Puedo oírlo moverse por la cocina y oler el café haciéndose.
Hoy tengo trabajo, pero solo en la cafetería, y no necesito fichar hasta el mediodía, así que tengo la mañana libre.
Necesito ir al baño, pero no me atrevo a llamarlo; estoy segura de que vendrá a por mí pronto.
Pasan treinta minutos y Jace todavía no ha venido a ver cómo estoy.
He hecho ruidos aquí y allá, lo suficientemente altos como para que me oiga y, sin embargo, sigue sin venir.
Mi vejiga está a punto de estallar y, por mucho que no quiera ceder y llamarlo, me trago el orgullo.
—Señor…
El movimiento que había oído en la otra habitación se ha detenido y ahora hay silencio, así que lo intento de nuevo:
—Maestro Jace, por favor.
Necesito usar el baño.
Siento el calor del rubor subir por mi cara al decir esas palabras, pero todo merece la pena cuando oigo unos pasos que se acercan.

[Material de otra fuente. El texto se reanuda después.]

lemma emeasure_subset_hcube_finite: "E \<subseteq> hcube (a::real^'n) l \<Longrightarrow> emeasure lebesgue E < \<infinity>"
  using emeasure_mono[OF _ hcube_lebesgue] emeasure_hcube_finite le_less_trans by blast

lemma measure_hcube:
  assumes "0 < l"
  shows "measure lebesgue (hcube (a::real^'n) l) = l ^ CARD('n)"
proof (rule antisym)
  have "a \<in> cbox a (\<chi> i. a$i + l)" using assms by (simp add: mem_box_cart)
  then have "cbox a (\<chi> i. a$i + l) \<noteq> {}" by blast
  then have cbox: "measure lebesgue (cbox a (\<chi> i. a$i + l)) = l ^ CARD('n)"
    by (simp add: content_cbox_cart)
  moreover have "measure lebesgue (box a (\<chi> i. a$i + l)) = measure lebesgue (cbox a (\<chi> i. a$i + l))"
    by (simp add: measure_lborel_box_eq measure_lborel_cbox_eq)
  ultimately show "l ^ CARD('n) \<le> measure lebesgue (hcube a l)"
    using measure_mono_fmeasurable[OF box_subset_hcube[of a l] _ hcube_fmeasurable] by simp
  show "measure lebesgue (hcube a l) \<le> l ^ CARD('n)"
    using measure_mono_fmeasurable[OF hcube_subset_cbox[of a l] hcube_lebesgue] cbox by simp
qed

lemma hcube_corner_mem: "0 < l \<Longrightarrow> a \<in> hcube a l"
  by (simp add: hcube_def)

lemma loc_int_imp_set_integrable_hcube:
  "loc_int f \<Longrightarrow> set_integrable lebesgue (hcube (a::real^'n) l) f"
  unfolding loc_int_def
  using set_integrable_subset[OF _ hcube_lebesgue hcube_subset_cbox] compact_cbox by blast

La luz se enciende y suelto un suspiro de alivio.
No es hasta que se acerca y se pone en cuclillas que veo un rostro inexpresivo.

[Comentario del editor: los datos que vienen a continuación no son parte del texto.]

lemma down_subset_ideal: "r_ideal I \<Longrightarrow> y \<in> I \<Longrightarrow> down y \<subseteq> I"
  unfolding r_ideal_def down_def by blast

lemma r_ideal_nonempty: "r_ideal I \<Longrightarrow> I \<noteq> {}"
  by (simp add: r_ideal_def)

definition rpm_setdist :: "nterm set \<Rightarrow> nterm set \<Rightarrow> real" where
  "rpm_setdist A B = Inf {rpm a b | a b. a \<in> A \<and> b \<in> B}"

lemma rpm_setdist_le: "a \<in> A \<Longrightarrow> b \<in> B \<Longrightarrow> rpm_setdist A B \<le> rpm a b"
  unfolding rpm_setdist_def
  by (rule cInf_lower) (auto intro: bdd_belowI[of _ 0] simp: rpm_nonneg)

lemma rpm_setdist_lessE:
  assumes "rpm_setdist A B < r" "A \<noteq> {}" "B \<noteq> {}"
  obtains a b where "a \<in> A" "b \<in> B" "rpm a b < r"
proof -
  have "\<exists>x\<in>{rpm a b | a b. a \<in> A \<and> b \<in> B}. x < r"
    using assms unfolding rpm_setdist_def
    by (subst cInf_less_iff[symmetric]) (auto intro: bdd_belowI[of _ 0] simp: rpm_nonneg)
  then show ?thesis using that by auto
qed

lemma rpm_setdist_antimono:
  "A \<subseteq> A' \<Longrightarrow> A \<noteq> {} \<Longrightarrow> B \<noteq> {} \<Longrightarrow> rpm_setdist A' B \<le> rpm_setdist A B"
  unfolding rpm_setdist_def
  by (rule cInf_superset_mono) (auto intro: bdd_belowI[of _ 0] simp: rpm_nonneg)

lemma rpm_setdist_commute: "rpm_setdist A B = rpm_setdist B A"
  unfolding rpm_setdist_def by (metis rpm_commute)

text \<open>In an ideal every element lies below an upper bound of a0, and moving up only
  decreases rpm, so restricting to the elements above a0 does not change the infimum.\<close>

lemma Inf_rpm_above_eq_rpm_setdist:
  assumes A: "r_ideal A" and "B \<noteq> {}" and "a0 \<in> A"
  shows "Inf {rpm a' b | a' b. a' \<in> A \<and> pm_le rpm a0 a' \<and> b \<in> B} = rpm_setdist A B"
  unfolding rpm_setdist_def
proof (rule order.antisym)
  show "Inf {rpm a' b | a' b. a' \<in> A \<and> pm_le rpm a0 a' \<and> b \<in> B}
      \<le> Inf {rpm a b | a b. a \<in> A \<and> b \<in> B}"
  proof (rule cInf_greatest)
    show "{rpm a b | a b. a \<in> A \<and> b \<in> B} \<noteq> {}" using assms by blast
  next
    fix x assume "x \<in> {rpm a b | a b. a \<in> A \<and> b \<in> B}"
    then obtain a b where ab: "a \<in> A" "b \<in> B" "x = rpm a b" by blast
    obtain c where c: "c \<in> A" "pm_le rpm a0 c" "pm_le rpm a c"
      using A \<open>a0 \<in> A\<close> ab(1) unfolding r_ideal_def by blast
    have "Inf {rpm a' b | a' b. a' \<in> A \<and> pm_le rpm a0 a' \<and> b \<in> B} \<le> rpm c b"
      by (rule cInf_lower) (use c ab in \<open>auto intro: bdd_belowI[of _ 0] simp: rpm_nonneg\<close>)
    also have "\<dots> \<le> x" using rpm_antimono[OF c(3)] ab by simp
    finally show "Inf {rpm a' b | a' b. a' \<in> A \<and> pm_le rpm a0 a' \<and> b \<in> B} \<le> x" .
  qed
  show "Inf {rpm a b | a b. a \<in> A \<and> b \<in> B}
      \<le> Inf {rpm a' b | a' b. a' \<in> A \<and> pm_le rpm a0 a' \<and> b \<in> B}"
    by (rule cInf_superset_mono)
      (use assms pm_le_rpm_refl in \<open>auto intro: bdd_belowI[of _ 0] simp: rpm_nonneg\<close>)
qed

Siempre podía ver el amor que Jace sentía por mí en todas sus expresiones, pero ahora no.
¿He perdido ese amor por completo?
Observo cómo abre la cerradura de la jaula y la abre.

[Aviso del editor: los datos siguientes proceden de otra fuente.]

(* Let $F$ be a Banach lattice. The following are equivalent: (i) $F$ is order continuous; (ii) the aw-topology is stronger than the un-topology; (iii) the un-topology is boundedly exhaustive; (iv) the un-topology is uniformly exhaustive.
   Context: un-topology: linear topology with zero neighborhood base $\{f:\||f|\wedge h\|<\varepsilon\}$, $h\in F_+$, $\varepsilon>0$. aw-topology: linear topology with zero neighborhood base $\{f:\nu(|f|)<\varepsilon\}$, $\nu\in F^*_+$, $\varepsilon>0$. A linear topology $\tau$ on $F$ is boundedly exhaustive if every norm-bounded disjoint sequence ($|f_n|\wedge|f_m|=0$ for $n\neq m$) is $\tau$-null; it is uniformly exhaustive if for every $\tau$-neighborhood $U$ of $0$ there is $n\in\mathbb{N}$ such that there is no pairwise disjoint $n$-tuple of elements all lying outside $U$. *)

theory Defs
  imports "HOL-Analysis.Analysis" "HOL-Library.Lattice_Algebras"
begin

class banach_lattice = banach + ordered_real_vector + lattice_ab_group_add_abs +
  assumes lattice_norm: "\<bar>x\<bar> \<le> \<bar>y\<bar> \<Longrightarrow> norm x \<le> norm y"
lemma nc_count_rec: "(\<Sum>i<K. nc_count i * nc_count (K - 1 - i)) = nc_count (Suc K)"
proof (cases "even K")
  case True
  have "odd i \<or> odd (K - 1 - i)" if "i < K" for i
    using True that by auto
  then have "(\<Sum>i<K. nc_count i * nc_count (K - 1 - i)) = 0"
    by (intro sum.neutral) (auto simp: nc_count_def)
  then show ?thesis
    using True by (simp add: nc_count_def)
next
  case False
  then obtain m where m: "K = 2*m+1"
    using oddE by blast
  have "(\<Sum>i<K. nc_count i * nc_count (K - 1 - i))
      = (\<Sum>i\<le>m. nc_count (2*i) * nc_count (2*m - 2*i)) + (\<Sum>i<m. nc_count (2*i+1) * nc_count (2*m - (2*i+1)))"
    unfolding m by (subst sum_lessThan_odd_split) simp
  also have "(\<Sum>i<m. nc_count (2*i+1) * nc_count (2*m - (2*i+1))) = 0"
    by (simp add: nc_count_def)
  also have "(\<Sum>i\<le>m. nc_count (2*i) * nc_count (2*m - 2*i)) = (\<Sum>i\<le>m. catalan i * catalan (m - i))"
    by (intro sum.cong) (auto simp: nc_count_def simp flip: diff_mult_distrib2)
  also have "\<dots> = nc_count (Suc K)"
    unfolding catalan_convolution by (simp add: m nc_count_def)
  finally show ?thesis by simp
qed

lemma bij_betw_rank:
  fixes S :: "'a::linorder set"
  shows "finite S \<Longrightarrow> bij_betw (\<lambda>b. card {u \<in> S. u < b}) S {..<card S}"
proof -
  assume S: "finite S"
  let ?rank = "\<lambda>b. card {u \<in> S. u < b}"
  have rank_less: "?rank b < ?rank c" if b: "b \<in> S" "b < c" for b c
  proof (rule psubset_card_mono)
    show "finite {u \<in> S. u < c}"
      using S by simp
    have "{u \<in> S. u < b} \<subseteq> {u \<in> S. u < c}"
      using b(2) less_trans by auto
    moreover have "b \<in> {u \<in> S. u < c} - {u \<in> S. u < b}"
      using b by simp
    ultimately show "{u \<in> S. u < b} \<subset> {u \<in> S. u < c}"
      by blast
  qed
  have "inj_on ?rank S"
  proof (rule inj_onI)
    fix b c assume "b \<in> S" "c \<in> S" "?rank b = ?rank c"
    then show "b = c"
      using rank_less[of b c] rank_less[of c b] by (metis linorder_neqE less_irrefl)
  qed
  moreover have "?rank ` S = {..<card S}"
  proof (rule card_subset_eq)
    show "?rank ` S \<subseteq> {..<card S}"
      using S by (auto intro!: psubset_card_mono)
    show "card (?rank ` S) = card {..<card S}"
      using \<open>inj_on ?rank S\<close> by (simp add: card_image)
  qed simp
  ultimately show ?thesis
    by (simp add: bij_betw_def)
qed

lemma card_nc_matchings_containing_arc:
  assumes "a \<in> S" "b \<in> S" "a < b"
  shows "card {M \<in> nc_matchings S. (a, b) \<in> M} = card (nc_matchings (inner S a b)) * card (nc_matchings (outer S a b))"
  using card_nc_matchings_containing_split[OF assms, of "{}" "{}"] by simp

lemma card_nc_matchings_least:
  assumes S: "finite S" and a: "a \<in> S" "\<And>v. v \<in> S \<Longrightarrow> a \<le> v"
  shows "card (nc_matchings S)
    = (\<Sum>b\<in>S - {a}. card (nc_matchings {u \<in> S - {a}. u < b}) * card (nc_matchings {v \<in> S - {a}. b < v}))"
proof -
  have "\<exists>b\<in>S - {a}. (a, b) \<in> M" if M: "M \<in> nc_matchings S" for M
  proof -
    obtain p where "p \<in> M" "fst p = a \<or> snd p = a"
      using nc_matchings_covers[OF M a(1)] by blast
    then show ?thesis
      using nc_matchings_arc[OF M, of "fst p" "snd p"] a(2)[of "fst p"] by force
  qed
  then have "nc_matchings S = (\<Union>b\<in>S - {a}. {M \<in> nc_matchings S. (a, b) \<in> M})"
    by blast
  then have "card (nc_matchings S) = card (\<Union>b\<in>S - {a}. {M \<in> nc_matchings S. (a, b) \<in> M})"
    by (rule arg_cong)
  also have "\<dots> = (\<Sum>b\<in>S - {a}. card {M \<in> nc_matchings S. (a, b) \<in> M})"
  proof (rule card_UN_disjoint)
    show "\<forall>b\<in>S - {a}. \<forall>c\<in>S - {a}. b \<noteq> c \<longrightarrow>
        {M \<in> nc_matchings S. (a, b) \<in> M} \<inter> {M \<in> nc_matchings S. (a, c) \<in> M} = {}"
    proof (intro ballI impI equals0I)
      fix b c M
      assume "b \<noteq> c" "M \<in> {M \<in> nc_matchings S. (a, b) \<in> M} \<inter> {M \<in> nc_matchings S. (a, c) \<in> M}"
      then show False
        using nc_matchings_unique[OF _ a(1), of M "(a, b)" "(a, c)"] by auto
    qed
  qed (use S nc_matchings_finite[OF S] in auto)
  also have "\<dots> = (\<Sum>b\<in>S - {a}. card (nc_matchings {u \<in> S - {a}. u < b}) * card (nc_matchings {v \<in> S - {a}. b < v}))"
  proof (rule sum.cong)
    fix b assume b: "b \<in> S - {a}"
    then have "a < b"
      using a(2) by (simp add: le_neq_implies_less)
    moreover have "inner S a b = {u \<in> S - {a}. u < b}" "outer S a b = {v \<in> S - {a}. b < v}"
      using a(2) \<open>a < b\<close> by (force simp: inner_def outer_def)+
    ultimately show "card {M \<in> nc_matchings S. (a, b) \<in> M}
        = card (nc_matchings {u \<in> S - {a}. u < b}) * card (nc_matchings {v \<in> S - {a}. b < v})"
      using card_nc_matchings_containing_arc[OF a(1)] b by simp
  qed simp
  finally show ?thesis .
qed

lemma card_nc_matchings: "finite S \<Longrightarrow> real (card (nc_matchings S)) = nc_count (card S)"
proof (induction "card S" arbitrary: S rule: less_induct)
  case less
  show ?case
  proof (cases "S = {}")
    case True
    then show ?thesis by (simp add: nc_matchings_empty nc_count_def catalan_0)
  next
    case False
    define a where "a = Min S"
    define S' where "S' = S - {a}"
    define K where "K = card S'"
    let ?rank = "\<lambda>b. card {u \<in> S'. u < b}"
    have a: "a \<in> S" "\<And>v. v \<in> S \<Longrightarrow> a \<le> v"
      using less.prems False by (simp_all add: a_def)
    have S': "finite S'" "card S = Suc K"
      using less.prems a(1) card_Suc_Diff1[of S a] unfolding S'_def K_def by simp_all
    have card_right: "card {v \<in> S'. b < v} = K - 1 - ?rank b" if "b \<in> S'" for b
    proof -
      have split: "S' = {u \<in> S'. u < b} \<union> insert b {v \<in> S'. b < v}"
        using that by auto
      have "K = ?rank b + card (insert b {v \<in> S'. b < v})"
        unfolding K_def by (subst (1) split, rule card_Un_disjoint) (use S'(1) in auto)
      then show ?thesis
        using S'(1) by simp
    qed
    have IH: "real (card (nc_matchings T)) = nc_count (card T)" if "T \<subseteq> S'" for T
      using less.hyps[of T] S' card_mono[OF S'(1) that] finite_subset[OF that S'(1)] by (simp add: K_def)
    have "real (card (nc_matchings S))
        = (\<Sum>b\<in>S'. real (card (nc_matchings {u \<in> S'. u < b})) * real (card (nc_matchings {v \<in> S'. b < v})))"
      using card_nc_matchings_least[OF less.prems a] unfolding S'_def by simp
    also have "\<dots> = (\<Sum>b\<in>S'. nc_count (?rank b) * nc_count (K - 1 - ?rank b))"
      by (intro sum.cong refl) (simp add: IH card_right)
    also have "\<dots> = (\<Sum>i<K. nc_count i * nc_count (K - 1 - i))"
      using bij_betw_rank[OF S'(1)] unfolding K_def by (rule sum.reindex_bij_betw)
    also have "\<dots> = nc_count (card S)"
      unfolding S'(2) by (rule nc_count_rec)
    finally show ?thesis .
  qed
qed

section \<open>Matchings containing a system of arcs\<close>

text \<open>For the arcs of a valid pair, \<open>face\<close> and \<open>outer_face\<close> are the paper's \<open>M\<^sub>i\<close> and \<open>M\<^sub>0\<close>.\<close>
definition face :: "nat set \<Rightarrow> (nat \<times> nat) set \<Rightarrow> nat \<times> nat \<Rightarrow> nat set" where
  "face S C p = {v \<in> S. fst p < v \<and> v < snd p \<and>
     (\<forall>q\<in>C. q \<noteq> p \<and> {fst q..snd q} \<subseteq> {fst p..snd p} \<longrightarrow> v \<notin> {fst q..snd q})}"

definition outer_face :: "nat set \<Rightarrow> (nat \<times> nat) set \<Rightarrow> nat set" where
  "outer_face S C = {v \<in> S. \<forall>q\<in>C. v \<notin> {fst q..snd q}}"

definition arc_system :: "nat set \<Rightarrow> (nat \<times> nat) set \<Rightarrow> bool" where
  "arc_system S C \<longleftrightarrow> finite C \<and> C \<subseteq> arcs_on S \<and> noncrossing C \<and>
     (\<forall>p\<in>C. \<forall>q\<in>C. p \<noteq> q \<longrightarrow> fst p \<noteq> fst q \<and> fst p \<noteq> snd q \<and> snd p \<noteq> snd q)"

definition inner_arcs :: "(nat \<times> nat) set \<Rightarrow> nat \<Rightarrow> nat \<Rightarrow> (nat \<times> nat) set" where
  "inner_arcs C a b = {q \<in> C. a < fst q \<and> fst q < b}"

definition outer_arcs :: "(nat \<times> nat) set \<Rightarrow> nat \<Rightarrow> nat \<Rightarrow> (nat \<times> nat) set" where
  "outer_arcs C a b = {q \<in> C. fst q < a \<or> b < fst q}"

lemma arc_system_subset:
  assumes "arc_system S C" "C' \<subseteq> C" "C' \<subseteq> arcs_on S'"
  shows "arc_system S' C'"
  using assms finite_subset noncrossing_subset unfolding arc_system_def by blast

lemma face_cong:
  assumes "{r \<in> C. r \<noteq> p \<and> {fst r..snd r} \<subseteq> {fst p..snd p}} = {r \<in> C'. r \<noteq> p \<and> {fst r..snd r} \<subseteq> {fst p..snd p}}"
    and "{v \<in> S. fst p < v \<and> v < snd p} = {v \<in> S'. fst p < v \<and> v < snd p}"
  shows "face S C p = face S' C' p"
  using assms unfolding face_def by blast

definition arc_interval :: "nat set \<Rightarrow> nat \<times> nat \<Rightarrow> nat set" where
  "arc_interval S p = {v \<in> S. fst p \<le> v \<and> v \<le> snd p}"

text \<open>The arc \<open>(a, b)\<close> with the leftmost left end splits an arc system into the arcs
  inside it and the arcs to its right.\<close>
locale first_arc =
  fixes S :: "nat set" and C :: "(nat \<times> nat) set" and a b :: nat
  assumes finite_S: "finite S" and system: "arc_system S C" and arc: "(a, b) \<in> C"
    and first: "\<And>q. q \<in> C \<Longrightarrow> a \<le> fst q"
begin

abbreviation "Cin \<equiv> inner_arcs C a b"
abbreviation "Cout \<equiv> outer_arcs C a b"

lemma arc_bounds: "a \<in> S" "b \<in> S" "a < b"
  using system arc by (auto simp: arc_system_def arcs_on_def)

lemma arc_less: "q \<in> C \<Longrightarrow> fst q < snd q"
  using system by (auto simp: arc_system_def arcs_on_def)

lemma distinct_ends: "p \<in> C \<Longrightarrow> q \<in> C \<Longrightarrow> p \<noteq> q \<Longrightarrow> fst p \<noteq> fst q \<and> fst p \<noteq> snd q \<and> snd p \<noteq> snd q"
  using system by (simp add: arc_system_def)

lemma no_crossing: "(x, z) \<in> C \<Longrightarrow> (y, w) \<in> C \<Longrightarrow> x < y \<Longrightarrow> y < z \<Longrightarrow> z < w \<Longrightarrow> False"
  using system unfolding arc_system_def noncrossing_def by blast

Salgo a gatas, pero cuando voy a ponerme de pie, me pone el pie en la espalda y me mantiene a cuatro patas.
—Hoy irás a gatas.
Mientras estés en este apartamento, permanecerás desnuda e irás a gatas a todas partes.
Su voz exige obediencia, así que ni siquiera intento discutir.
Agacho la cabeza, derrotada.
—Sí, Señor.
—Ve a usar el baño y luego vuelve aquí de inmediato —ordena Jace.
Tan rápido como puedo, gateo hasta el baño; el frío de las baldosas me provoca escalofríos por todo el cuerpo.
Una vez junto al inodoro, me subo al asiento y alivio mi vejiga dolorosamente llena.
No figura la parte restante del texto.